10 Years After Installation,
Fish Slide at Ice Harbor Celebrated

by Annette Cary
Tri-City Herald, July 15, 2015

"Ten years ago when the first weir was installed the idea that fish,
commerce and power could coexist was not as clear as it is today,"

(Blaine Harden) Little Goose and other federal dams have been ordered to spill water to keep migrating salmon in the Snake River, avoiding potentially deadly turbines. A decade after a fish-friendly water slide was installed at Ice Harbor Dam on the Snake River near Burbank, officials celebrated Wednesday the success of such structures on the lower Columbia and Snake Rivers.

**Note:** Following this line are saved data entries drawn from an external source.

lemma closed_peak: "R \<in> U_dom \<Longrightarrow> closed (peak R)"
  unfolding peak_eq_Inter by (intro closed_INT) (auto intro: closed_upper_contour)

lemma
  assumes "R \<in> U_dom"
  shows Inf_peak_in_peak: "Inf (peak R) \<in> peak R"
    and Sup_peak_in_peak: "Sup (peak R) \<in> peak R"
  by (intro closed_contains_Inf_cl closed_contains_Sup_cl closed_peak peak_nonempty assms)+

lemma pref_of_peak: "p \<in> peak R \<Longrightarrow> R p x"
  unfolding peak_def by blast

lemma in_peak_if_pref_peak:
  assumes "R \<in> U_dom" "p \<in> peak R" "R x p"
  shows "x \<in> peak R"
  using assms U_dom_trans[OF assms(1) assms(3)] unfolding peak_def by blast

lemma better_point_above_finite:
  assumes U: "R \<in> U_dom" and "\<not> R y z" "y < z"
  obtains t where "y < t" "t < top" "\<not> R y t"
proof (cases "z = top")
  case True
  have "open {w. \<not> R y w}"
    using U by (intro open_Collect_neg closed_lower_contour)
  then obtain c where "c < top" "{c<..top} \<subseteq> {w. \<not> R y w}"
    using open_left[of _ top y] assms True by auto
  moreover obtain t where "max c y < t" "t < top"
    using \<open>c < top\<close> \<open>y < z\<close> True dense[of "max c y" top] by auto
  ultimately show ?thesis
    using that by auto
next
  case False
  then show ?thesis
    using that assms top.not_eq_extremum by blast
qed

lemma first_return_to_level:
  assumes U: "R \<in> U_dom" and "x \<le> z" "R z x'" "\<not> R x x'"
  obtains s where "x < s" "s \<le> z" "R s x'" "\<And>a. x \<le> a \<Longrightarrow> a \<le> s \<Longrightarrow> R x' a"
proof -
  define S where "S = {x..} \<inter> {w. R w x'}"
  have "closed S"
    unfolding S_def using U by (intro closed_Int closed_atLeast closed_upper_contour)
  moreover have "z \<in> S"
    unfolding S_def using assms by simp
  ultimately have "Inf S \<in> S"
    using closed_contains_Inf_cl by blast
  moreover have "Inf S \<le> z"
    using \<open>z \<in> S\<close> by (rule Inf_lower)
  ultimately have s: "x \<le> Inf S" "R (Inf S) x'" "Inf S \<le> z"
    unfolding S_def by auto
  then have "x < Inf S"
    using assms(4) by (cases "x = Inf S") auto
  have "{x..<Inf S} \<subseteq> {w. R x' w}"
  proof
    fix a assume "a \<in> {x..<Inf S}"
    then have "a \<notin> S"
      using Inf_lower[of a S] by auto
    then show "a \<in> {w. R x' w}"
      using \<open>a \<in> {x..<Inf S}\<close> U_dom_total[OF U] unfolding S_def by auto
  qed
  then have "{x..Inf S} \<subseteq> {w. R x' w}"
    using closure_minimal[OF _ closed_lower_contour[OF U]] closure_atLeastLessThan[OF \<open>x < Inf S\<close>]
    by metis
  then show ?thesis
    by (intro that[OF \<open>x < Inf S\<close> s(3) s(2)]) auto
qed

section \<open>Consequences of the axioms on the rule\<close>

lemma profiles_memberD: "R \<in> profiles D n \<Longrightarrow> k < n \<Longrightarrow> R k \<in> D"
  unfolding profiles_def by auto

lemma profiles_fun_upd: "R \<in> profiles D n \<Longrightarrow> k < n \<Longrightarrow> R' \<in> D \<Longrightarrow> R(k := R') \<in> profiles D n"
  unfolding profiles_def by (auto simp: PiE_iff extensional_def)

lemma sum_lessThan_pair:
  fixes f :: "nat \<Rightarrow> 'a::comm_monoid_add"
  assumes "i < n" "j < n" "i \<noteq> j"
  shows "(\<Sum>k<n. f k) = f i + f j + (\<Sum>k\<in>{..<n} - {i, j}. f k)"
proof -
  have "(\<Sum>k<n. f k) = f i + (\<Sum>k\<in>{..<n} - {i}. f k)"
    using assms by (simp add: sum.remove)
  also have "(\<Sum>k\<in>{..<n} - {i}. f k) = f j + (\<Sum>k\<in>{..<n} - {i} - {j}. f k)"
    using assms by (intro sum.remove) auto
  finally show ?thesis
    by (simp add: add.assoc Diff_insert2[of _ i "{j}"])
qed

text \<open>All agents other than 0 and 1 are peaked at \<open>t\<close>, the equal share of \<open>\<Omega> = n t\<close>.\<close>

definition test_profile :: "nat \<Rightarrow> pref \<Rightarrow> real \<Rightarrow> real \<Rightarrow> real \<Rightarrow> nat \<Rightarrow> pref" where
  "test_profile n R0 t q K k =
    (if n \<le> k then undefined else if k = 0 then R0 else if k = 1 then utility_pref (tent q K)
     else utility_pref (tent t 1))"

lemma test_profile_0: "0 < n \<Longrightarrow> test_profile n R0 t q K 0 = R0"
  and test_profile_1: "1 < n \<Longrightarrow> test_profile n R0 t q K 1 = utility_pref (tent q K)"
  by (simp_all add: test_profile_def)
theorem theorem2:
  fixes n m :: nat and B C :: "int mat" and J2 J4 :: "real mat"
    and lo hi :: "nat \<Rightarrow> real"
  assumes "n \<ge> 1" and "m \<ge> 1"
    and "B \<in> carrier_mat n m" and "C \<in> carrier_mat m n"
    and "\<forall>j<m. 0 \<le> lo j \<and> lo j \<le> hi j"
    and "J2 \<in> carrier_mat n n" and "J4 \<in> carrier_mat n n"
    and "symmetric_mat J2" and "symmetric_mat J4"
    \<comment> \<open>(A1)\<close>
    and A1a: "\<forall>D\<in>diag_set m lo hi.
               det (real_of_int_mat B * D * real_of_int_mat C) = 0 \<and>
               num_neg_eigs (real_of_int_mat B * D * real_of_int_mat C) = n - 1"
    and A1b: "\<exists>v\<in>carrier_vec n. v \<noteq> 0\<^sub>v n \<and> (\<forall>i<n. v $ i \<ge> 0) \<and>
               transpose_mat (real_of_int_mat B) *\<^sub>v v = 0\<^sub>v m"
    \<comment> \<open>(A2)\<close>
    and "indefinite_mat n J2" and "neg_semidef_mat n J4"
    and "\<exists>\<kappa>. neg_def_mat n (\<kappa>^2 \<cdot>\<^sub>m J2 + \<kappa>^4 \<cdot>\<^sub>m J4)"
    \<comment> \<open>hypothesis on \<Psi>^- or \<Psi>^+\<close>
    and "let PsiM = (\<lambda>\<kappa>. Inf ((\<lambda>D. det (- Jmat B C J2 J4 D \<kappa>)) ` diag_set m lo hi));
             PsiP = (\<lambda>\<kappa>. Sup ((\<lambda>D. det (- Jmat B C J2 J4 D \<kappa>)) ` diag_set m lo hi))
         in (initially_positive PsiM \<and> neg_sign_change PsiM) \<or>
            (initially_positive PsiP \<and> neg_sign_change PsiP)"
  shows "\<exists>D\<in>diag_set m lo hi. microphase_sep (\<lambda>\<kappa>. spectral_abscissa (Jmat B C J2 J4 D \<kappa>))"
proof -
  obtain D \<kappa>\<^sub>2 where D: "D \<in> diag_set m lo hi"
    and pos: "initially_positive (\<lambda>\<kappa>. det (- Jmat B C J2 J4 D \<kappa>))"
    and "\<kappa>\<^sub>2 > 0" and neg: "det (- Jmat B C J2 J4 D \<kappa>\<^sub>2) < 0"
    using ex_diag_det_initially_positive_then_negative[OF assms(3,4,6,7) _ assms(15)[unfolded Let_def]]
      assms(5) by auto
  obtain \<kappa>\<^sub>0 where nd: "neg_def_mat n (\<kappa>\<^sub>0^2 \<cdot>\<^sub>m J2 + \<kappa>\<^sub>0^4 \<cdot>\<^sub>m J4)" using assms(14) by blast
  let ?M = "real_of_int_mat B * D * real_of_int_mat C"
  have "?M \<in> carrier_mat n n"
    using real_of_int_mat_mult_mult_carrier[OF assms(3,4)] D by (simp add: diag_set_def)
  from microphase_sep_J_family[OF this assms(6,7,1) _ _ assms(13) nd _ \<open>\<kappa>\<^sub>2 > 0\<close>]
  have "microphase_sep (\<lambda>\<kappa>. spectral_abscissa (J_family ?M J2 J4 \<kappa>))"
    using A1a D pos neg unfolding Jmat_eq_J_family by blast
  with D show ?thesis unfolding Jmat_eq_J_family by blast
qed

end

"The spill weirs in many ways are a sort of poster child in intelligent investing in helping salmon pass through the system," said Elliot Mainzer, administrator of the Bonneville Power Administration.

Improving fish survival allows the dams to continue to be used to benefit the region -- producing low-cost hydropower, allowing the barging of Northwest goods to the coast for export and providing recreation, said speakers at the anniversary event.

"Ten years ago when the first weir was installed the idea that fish, commerce and power could coexist was not as clear as it is today," said Rob Rich, president of the Columbia River Towboat Association. "The improved fish numbers we have seen in the last 10 years have more than proven this was the right step to take."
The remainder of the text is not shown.